Тут только он вспомнил и пожалел, что не догадался расспросить у Зонненфельдта как следует о расположении комнат. Однако было уже поздно раздумывать об этом, приходилось действовать.
Рядом со столовой была библиотека. Елчанинов миновал ее. За ней находилась другая комната, по обстановке похожая на гостиную.
«Отсюда должен быть выход в переднюю, – сообразил Елчанинов, – а из передней, вероятно, есть лестница вниз».
Ему показалось, что из двух дверей, бывших в гостиной, кроме той, в которую он вошел, в переднюю ведет та, что налево. Он отворил ее и очутился в кабинете с большим круглым письменным столом, мягким диваном и высокими кожаными креслами.
Был один миг, когда вдруг им овладела не робость, а чувство, близкое к ней, – бессилие; ему почудилось, что он заблудился в лабиринте этого проклятого дома; но это был один только миг.
В кабинете была еще одна дверь, которая вела в большую и почти пустую комнату.
«Опять комната! – подумал Елчанинов. – Где же у них, наконец, лестница?»
Но, осмотревшись, он вдруг увидел, что на этот раз он, кажется, попался, так что ему не уйти. В следующей за этой комнатой горел тусклый свет ночника; там двинулась какая-то тень, и ясный голос спросил:
– Кто там?
Елчанинов остановился и замер.
На пороге показалась Вера. Елчанинов видел испуг на ее лице, когда ее глаза заметили его и остановились, широко открытые.
– Я здесь, чтобы по вашему приказанию спасти Станислава! – подал голос Елчанинов, боясь не за себя теперь, а за нее, чтобы ей не сделалось дурно от внезапного испуга, вызванного его неожиданным появлением.
Вера узнала его. Но тотчас же она быстро приложила палец к губам, чтобы он молчал.
– С кем это ты разговариваешь? – спросили ее из комнаты, где горел ночник.
– Ни с кем! Это тебе показалось, – громко ответила она. – Я принесу сейчас свежей воды для компресса.

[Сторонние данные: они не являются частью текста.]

lemma polyfun_sum:
  assumes "finite S" "\<And>s. s \<in> S \<Longrightarrow> polyfun (f s :: ('i::finite \<Rightarrow> complex) \<Rightarrow> complex)"
  shows "polyfun (\<lambda>z. \<Sum>s\<in>S. f s z)"
  using assms by (induction S rule: finite_induct) (simp_all add: polyfun_const polyfun_add)

lemma polyfun_prod:
  assumes "finite S" "\<And>s. s \<in> S \<Longrightarrow> polyfun (f s :: ('i::finite \<Rightarrow> complex) \<Rightarrow> complex)"
  shows "polyfun (\<lambda>z. \<Prod>s\<in>S. f s z)"
  using assms by (induction S rule: finite_induct) (simp_all add: polyfun_const polyfun_mult)

lemma monomial_Suc_degree:
  assumes "sum \<alpha> UNIV = Suc n"
  obtains a \<beta> where "sum \<beta> UNIV = n" "\<And>z. monomial \<alpha> z = z a * monomial \<beta> z"
proof -
  obtain a where a: "\<alpha> a > 0"
    using assms by (metis Zero_not_Suc gr0I sum.neutral_const sum.not_neutral_contains_not_neutral)
  define \<beta> where "\<beta> = \<alpha>(a := \<alpha> a - 1)"
  have "sum \<alpha> UNIV = \<alpha> a + sum \<alpha> (UNIV - {a})" "sum \<beta> UNIV = \<beta> a + sum \<beta> (UNIV - {a})"
    by (simp_all add: sum.remove)
  moreover have "sum \<beta> (UNIV - {a}) = sum \<alpha> (UNIV - {a})"
    unfolding \<beta>_def by (rule sum.cong) auto
  ultimately have "sum \<beta> UNIV = n" using assms a unfolding \<beta>_def by simp
  moreover have "monomial \<alpha> z = z a * monomial \<beta> z" for z
  proof -
    have "(\<Prod>i\<in>UNIV - {a}. z i ^ \<beta> i) = (\<Prod>i\<in>UNIV - {a}. z i ^ \<alpha> i)"
      unfolding \<beta>_def by (rule prod.cong) auto
    moreover have "\<alpha> a = Suc (\<beta> a)" unfolding \<beta>_def using a by simp
    ultimately show ?thesis
      unfolding monomial_def prod.remove[of UNIV a, OF finite UNIV_I] by simp
  qed
  ultimately show ?thesis using that by blast
qed

lemma monomial_eq_prod_vars:
  assumes "sum \<alpha> UNIV = n"
  obtains f where "\<And>z. monomial \<alpha> z = (\<Prod>j<n. z (f j))"
  using assms
proof (induction n arbitrary: \<alpha> thesis)
  case 0
  then have "monomial \<alpha> z = 1" for z by (simp add: monomial_def)
  then show ?case using 0 by simp
next
  case (Suc n)
  obtain a \<beta> where \<beta>: "sum \<beta> UNIV = n" "\<And>z. monomial \<alpha> z = z a * monomial \<beta> z"
    using monomial_Suc_degree[OF Suc.prems(2)] by blast
  obtain f where f: "\<And>z. monomial \<beta> z = (\<Prod>j<n. z (f j))"
    using Suc.IH \<beta>(1) by blast
  have "monomial \<alpha> z = (\<Prod>j<Suc n. z ((f(n := a)) j))" for z
    by (simp add: \<beta>(2) f mult.commute)
  then show ?case by (rule Suc.prems(1))
qed

lemma finite_degree_exponents: "finite {\<alpha> :: 'i::finite \<Rightarrow> nat. sum \<alpha> UNIV = d}"
proof (rule finite_subset)
  show "{\<alpha> :: 'i \<Rightarrow> nat. sum \<alpha> UNIV = d} \<subseteq> PiE UNIV (\<lambda>_. {..d})"
  proof
    fix \<alpha> :: "'i \<Rightarrow> nat" assume "\<alpha> \<in> {\<alpha>. sum \<alpha> UNIV = d}"
    then have "\<alpha> i \<le> d" for i using member_le_sum[of i UNIV \<alpha>] by simp
    then show "\<alpha> \<in> PiE UNIV (\<lambda>_. {..d})" by (simp add: PiE_UNIV_domain)
  qed
  show "finite (PiE UNIV (\<lambda>_. {..d}) :: ('i \<Rightarrow> nat) set)" by (rule finite_PiE) auto
qed

section \<open>Cubic forms\<close>

definition mono3 :: "'n \<times> 'n \<times> 'n \<Rightarrow> complex^'n \<Rightarrow> complex" where
  "mono3 t x = (case t of (a, b, c) \<Rightarrow> x$a * x$b * x$c)"

definition mono3_polar :: "'n \<times> 'n \<times> 'n \<Rightarrow> complex^'n \<Rightarrow> complex^'n \<Rightarrow> complex" where
  "mono3_polar t u v = (case t of (a, b, c) \<Rightarrow> v$a * u$b * u$c + u$a * v$b * u$c + u$a * u$b * v$c)"

definition cubic_monos :: "('n::linorder \<times> 'n \<times> 'n) set" where
  "cubic_monos = {(a, b, c). a \<le> b \<and> b \<le> c}"

definition cubic :: "('n::{finite,linorder} \<times> 'n \<times> 'n \<Rightarrow> complex) \<Rightarrow> (complex, 'n) vec \<Rightarrow> complex" where
  "cubic d x = (\<Sum>t\<in>cubic_monos. d t * mono3 t x)"

definition cubic_polar ::
    "('n::{finite,linorder} \<times> 'n \<times> 'n \<Rightarrow> complex) \<Rightarrow> (complex, 'n) vec \<Rightarrow> (complex, 'n) vec \<Rightarrow> complex" where
  "cubic_polar d u v = (\<Sum>t\<in>cubic_monos. d t * mono3_polar t u v)"

definition cubic_form :: "((complex, 'n::{finite,linorder}) vec \<Rightarrow> complex) \<Rightarrow> bool" where
  "cubic_form F \<longleftrightarrow> (\<exists>d. F = cubic d)"

lemma mono3_sorted: "\<exists>s\<in>cubic_monos. mono3 s = mono3 (t :: 'n::{finite,linorder} \<times> _)"
proof -
  obtain a b c where t: "t = (a, b, c)" by (cases t) auto
  have "mono3 (a, b, c) = mono3 s" if "s \<in> {(a, b, c), (a, c, b), (b, a, c), (b, c, a), (c, a, b), (c, b, a)}" for s
    using that by (auto simp: fun_eq_iff mono3_def mult_ac)
  moreover have "\<exists>s\<in>{(a, b, c), (a, c, b), (b, a, c), (b, c, a), (c, a, b), (c, b, a)}. s \<in> cubic_monos"
    by (rule le_cases3[of a b c]) (auto simp: cubic_monos_def)
  ultimately show ?thesis unfolding t by metis
qed

lemma cubic_form_mono3: "cubic_form (mono3 t)"
proof -
  obtain s where s: "s \<in> cubic_monos" "mono3 s = mono3 t" using mono3_sorted by blast
  have "cubic (\<lambda>r. if r = s then 1 else 0) x = mono3 s x" for x
  proof -
    have "cubic (\<lambda>r. if r = s then 1 else 0) x = (\<Sum>r\<in>cubic_monos. if r = s then mono3 r x else 0)"
      unfolding cubic_def by (rule sum.cong) auto
    also have "\<dots> = mono3 s x" using s(1) by simp
    finally show ?thesis .
  qed
  then have "mono3 s = cubic (\<lambda>r. if r = s then 1 else 0)" by (simp add: fun_eq_iff)
  then show ?thesis unfolding cubic_form_def s(2)[symmetric] by blast
qed

lemma cubic_add: "cubic (\<lambda>t. d t + e t) x = cubic d x + cubic e x"
  by (simp add: cubic_def distrib_right sum.distrib)

lemma cubic_cmult: "cubic (\<lambda>t. c * d t) x = c * cubic d x"
  by (simp add: cubic_def sum_distrib_left mult.assoc)

lemma cubic_polar_add: "cubic_polar (\<lambda>t. d t + e t) u v = cubic_polar d u v + cubic_polar e u v"
  by (simp add: cubic_polar_def distrib_right sum.distrib)

lemma cubic_polar_cmult: "cubic_polar (\<lambda>t. c * d t) u v = c * cubic_polar d u v"
  by (simp add: cubic_polar_def sum_distrib_left mult.assoc)

lemma cubic_form_add:
  assumes "cubic_form F" "cubic_form G"
  shows "cubic_form (\<lambda>x. F x + G x)"
proof -
  obtain d e where "F = cubic d" "G = cubic e" using assms unfolding cubic_form_def by blast
  then have "(\<lambda>x. F x + G x) = cubic (\<lambda>t. d t + e t)" by (simp add: fun_eq_iff cubic_add)
  then show ?thesis unfolding cubic_form_def by blast
qed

И она, нарочно стуча каблуками, прошла через комнату, движением головы показав Елчанинову, чтобы он следовал за ней.
Они вышли в кабинет.
У Елчанинова, вместо того чтобы забиться сильнее, сердце сжалось. Ему стало ясно, что Вера сидела у кровати больного Трамвиля и ухаживала за ним, в то время как он, Елчанинов, по ее приказанию, может быть, подвергается смертельной опасности, и злое, недоброе чувство заговорило в нем; ему захотелось сейчас, сию минуту погубить всех – и себя, и Веру, и, главное, этого маркиза.
– Как вы попали сюда? – спросила она, близко пригибаясь к нему и положив свою руку на его, в которой он держал фонарь.
Ее голос, ее взгляд и прикосновение сразу перевернули все в Елчанинове, и он почувствовал, что может погубить себя, а ее не только погубить не в состоянии, но даже, если это нужно будет для нее, не погубит, а спасет самого маркиза.
– Как вы попали сюда? – повторила она, видя, что он не отвечает.
Елчанинов вздрогнул и прошептал так же тихо, как она говорила с ним:
– Сейчас совершенно не время рассказывать об этом!.. Вы здесь одна?
– Кажется.
– Там, в той комнате, маркиз?
– Да.
– Кроме него никто не живет здесь?
– Нет. Внизу только один новый слуга арап; он, вероятно, спит.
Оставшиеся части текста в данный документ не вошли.